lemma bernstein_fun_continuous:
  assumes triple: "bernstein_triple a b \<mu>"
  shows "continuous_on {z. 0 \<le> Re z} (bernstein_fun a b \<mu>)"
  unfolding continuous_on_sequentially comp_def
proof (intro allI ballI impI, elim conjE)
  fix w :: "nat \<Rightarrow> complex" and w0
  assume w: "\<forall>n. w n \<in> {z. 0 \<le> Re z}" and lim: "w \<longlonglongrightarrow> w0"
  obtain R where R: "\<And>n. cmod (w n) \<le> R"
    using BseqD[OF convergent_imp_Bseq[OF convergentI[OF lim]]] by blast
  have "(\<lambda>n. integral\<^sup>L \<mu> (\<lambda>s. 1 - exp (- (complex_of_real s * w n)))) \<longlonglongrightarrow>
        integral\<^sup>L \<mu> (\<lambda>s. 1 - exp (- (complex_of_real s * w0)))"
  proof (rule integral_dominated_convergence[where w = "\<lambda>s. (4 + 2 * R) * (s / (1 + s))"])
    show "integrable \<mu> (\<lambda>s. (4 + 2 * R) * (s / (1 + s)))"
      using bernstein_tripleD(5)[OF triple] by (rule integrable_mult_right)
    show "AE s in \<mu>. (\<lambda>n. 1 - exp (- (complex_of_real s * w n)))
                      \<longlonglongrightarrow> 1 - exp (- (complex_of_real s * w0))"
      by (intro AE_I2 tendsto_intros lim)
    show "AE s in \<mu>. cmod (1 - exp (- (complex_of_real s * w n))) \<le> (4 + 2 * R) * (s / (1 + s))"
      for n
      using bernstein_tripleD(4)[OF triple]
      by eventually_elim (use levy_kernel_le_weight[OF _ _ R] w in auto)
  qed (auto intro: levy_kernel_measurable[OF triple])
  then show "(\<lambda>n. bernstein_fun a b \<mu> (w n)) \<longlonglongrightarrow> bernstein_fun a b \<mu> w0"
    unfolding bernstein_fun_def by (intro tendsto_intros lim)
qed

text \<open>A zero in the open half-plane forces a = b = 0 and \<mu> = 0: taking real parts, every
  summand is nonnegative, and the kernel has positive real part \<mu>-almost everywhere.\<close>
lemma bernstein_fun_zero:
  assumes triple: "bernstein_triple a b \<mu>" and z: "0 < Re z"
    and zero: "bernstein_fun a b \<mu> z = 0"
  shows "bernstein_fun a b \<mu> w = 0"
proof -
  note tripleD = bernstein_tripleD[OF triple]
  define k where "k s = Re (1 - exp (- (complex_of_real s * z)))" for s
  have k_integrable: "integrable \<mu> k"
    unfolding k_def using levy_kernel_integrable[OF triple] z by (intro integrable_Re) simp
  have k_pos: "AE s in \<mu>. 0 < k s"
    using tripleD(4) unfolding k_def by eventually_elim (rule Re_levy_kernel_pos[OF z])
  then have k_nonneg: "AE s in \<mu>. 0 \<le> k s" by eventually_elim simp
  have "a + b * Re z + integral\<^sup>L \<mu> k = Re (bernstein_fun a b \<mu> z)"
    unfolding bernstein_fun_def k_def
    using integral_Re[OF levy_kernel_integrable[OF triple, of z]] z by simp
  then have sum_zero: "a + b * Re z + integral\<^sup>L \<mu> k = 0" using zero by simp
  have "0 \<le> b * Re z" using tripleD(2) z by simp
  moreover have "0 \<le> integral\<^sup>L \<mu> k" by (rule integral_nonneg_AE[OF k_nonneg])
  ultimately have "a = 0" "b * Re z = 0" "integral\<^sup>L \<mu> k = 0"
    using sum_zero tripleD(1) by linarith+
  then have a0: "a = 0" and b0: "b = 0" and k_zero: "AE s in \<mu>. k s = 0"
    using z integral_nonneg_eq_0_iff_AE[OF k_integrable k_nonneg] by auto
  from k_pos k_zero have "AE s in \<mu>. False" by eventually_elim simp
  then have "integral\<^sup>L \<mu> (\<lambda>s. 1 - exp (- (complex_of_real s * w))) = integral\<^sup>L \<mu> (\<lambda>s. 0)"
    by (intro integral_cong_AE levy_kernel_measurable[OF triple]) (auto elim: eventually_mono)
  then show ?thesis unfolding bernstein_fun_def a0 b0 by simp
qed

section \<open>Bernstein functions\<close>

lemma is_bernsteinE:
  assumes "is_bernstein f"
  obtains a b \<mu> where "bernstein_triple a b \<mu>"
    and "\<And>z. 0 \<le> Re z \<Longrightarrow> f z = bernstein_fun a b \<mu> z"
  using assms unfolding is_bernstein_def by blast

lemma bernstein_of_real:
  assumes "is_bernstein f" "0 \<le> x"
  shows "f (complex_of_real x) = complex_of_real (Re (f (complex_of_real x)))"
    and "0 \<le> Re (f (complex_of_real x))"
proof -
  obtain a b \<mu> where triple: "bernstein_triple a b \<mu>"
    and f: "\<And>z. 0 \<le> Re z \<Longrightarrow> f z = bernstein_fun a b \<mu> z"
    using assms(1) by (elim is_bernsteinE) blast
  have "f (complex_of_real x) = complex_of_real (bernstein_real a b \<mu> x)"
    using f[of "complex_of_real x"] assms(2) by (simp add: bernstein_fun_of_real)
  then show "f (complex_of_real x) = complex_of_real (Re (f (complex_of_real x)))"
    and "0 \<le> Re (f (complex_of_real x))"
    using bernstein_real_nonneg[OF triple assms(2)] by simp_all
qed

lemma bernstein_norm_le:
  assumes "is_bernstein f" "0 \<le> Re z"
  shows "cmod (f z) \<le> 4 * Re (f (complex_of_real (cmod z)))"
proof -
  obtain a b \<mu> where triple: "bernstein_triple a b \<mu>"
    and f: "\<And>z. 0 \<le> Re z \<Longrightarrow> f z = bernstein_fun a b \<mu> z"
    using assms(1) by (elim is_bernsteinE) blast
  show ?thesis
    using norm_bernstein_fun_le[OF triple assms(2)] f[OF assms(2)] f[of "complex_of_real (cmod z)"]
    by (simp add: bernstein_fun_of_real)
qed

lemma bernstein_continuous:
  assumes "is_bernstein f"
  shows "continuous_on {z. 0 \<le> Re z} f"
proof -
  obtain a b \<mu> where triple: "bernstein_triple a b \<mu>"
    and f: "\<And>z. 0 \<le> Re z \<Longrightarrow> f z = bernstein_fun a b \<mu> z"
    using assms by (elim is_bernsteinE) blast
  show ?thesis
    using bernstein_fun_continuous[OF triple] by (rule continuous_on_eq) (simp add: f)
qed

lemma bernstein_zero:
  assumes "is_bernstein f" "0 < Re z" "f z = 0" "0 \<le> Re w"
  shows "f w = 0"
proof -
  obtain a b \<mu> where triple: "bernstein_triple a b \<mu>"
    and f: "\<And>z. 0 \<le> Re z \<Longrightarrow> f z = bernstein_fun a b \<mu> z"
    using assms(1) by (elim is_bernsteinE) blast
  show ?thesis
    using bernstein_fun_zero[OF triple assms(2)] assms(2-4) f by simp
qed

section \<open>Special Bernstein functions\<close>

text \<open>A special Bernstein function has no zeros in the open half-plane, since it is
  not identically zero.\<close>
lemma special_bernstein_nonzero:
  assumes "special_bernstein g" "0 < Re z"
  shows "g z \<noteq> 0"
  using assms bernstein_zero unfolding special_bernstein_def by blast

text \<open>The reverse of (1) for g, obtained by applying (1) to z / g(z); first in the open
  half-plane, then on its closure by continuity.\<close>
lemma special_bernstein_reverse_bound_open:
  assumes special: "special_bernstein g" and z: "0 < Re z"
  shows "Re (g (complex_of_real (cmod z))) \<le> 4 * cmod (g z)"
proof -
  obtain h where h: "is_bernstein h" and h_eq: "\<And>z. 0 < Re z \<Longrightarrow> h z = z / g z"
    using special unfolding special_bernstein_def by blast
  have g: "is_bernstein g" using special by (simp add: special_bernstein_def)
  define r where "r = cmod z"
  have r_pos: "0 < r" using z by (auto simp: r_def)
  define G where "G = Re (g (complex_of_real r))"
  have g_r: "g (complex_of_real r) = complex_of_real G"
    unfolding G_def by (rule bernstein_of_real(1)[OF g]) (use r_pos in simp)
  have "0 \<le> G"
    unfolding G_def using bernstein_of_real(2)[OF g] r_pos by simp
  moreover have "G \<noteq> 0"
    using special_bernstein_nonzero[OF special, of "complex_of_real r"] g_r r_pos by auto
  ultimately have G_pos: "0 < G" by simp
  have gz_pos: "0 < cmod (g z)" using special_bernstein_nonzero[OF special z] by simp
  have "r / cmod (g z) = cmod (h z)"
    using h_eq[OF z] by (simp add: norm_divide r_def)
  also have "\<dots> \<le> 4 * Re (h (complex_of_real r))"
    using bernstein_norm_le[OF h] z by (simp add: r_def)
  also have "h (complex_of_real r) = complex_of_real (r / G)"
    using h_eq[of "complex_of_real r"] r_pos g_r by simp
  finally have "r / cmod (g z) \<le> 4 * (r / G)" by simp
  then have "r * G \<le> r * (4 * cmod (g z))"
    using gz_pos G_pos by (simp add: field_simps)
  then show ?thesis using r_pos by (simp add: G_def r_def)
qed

────────────────

Task brief ::
Say how many lines of the data hold the word "text", and leave out everything but the number.

Response to this task ::
3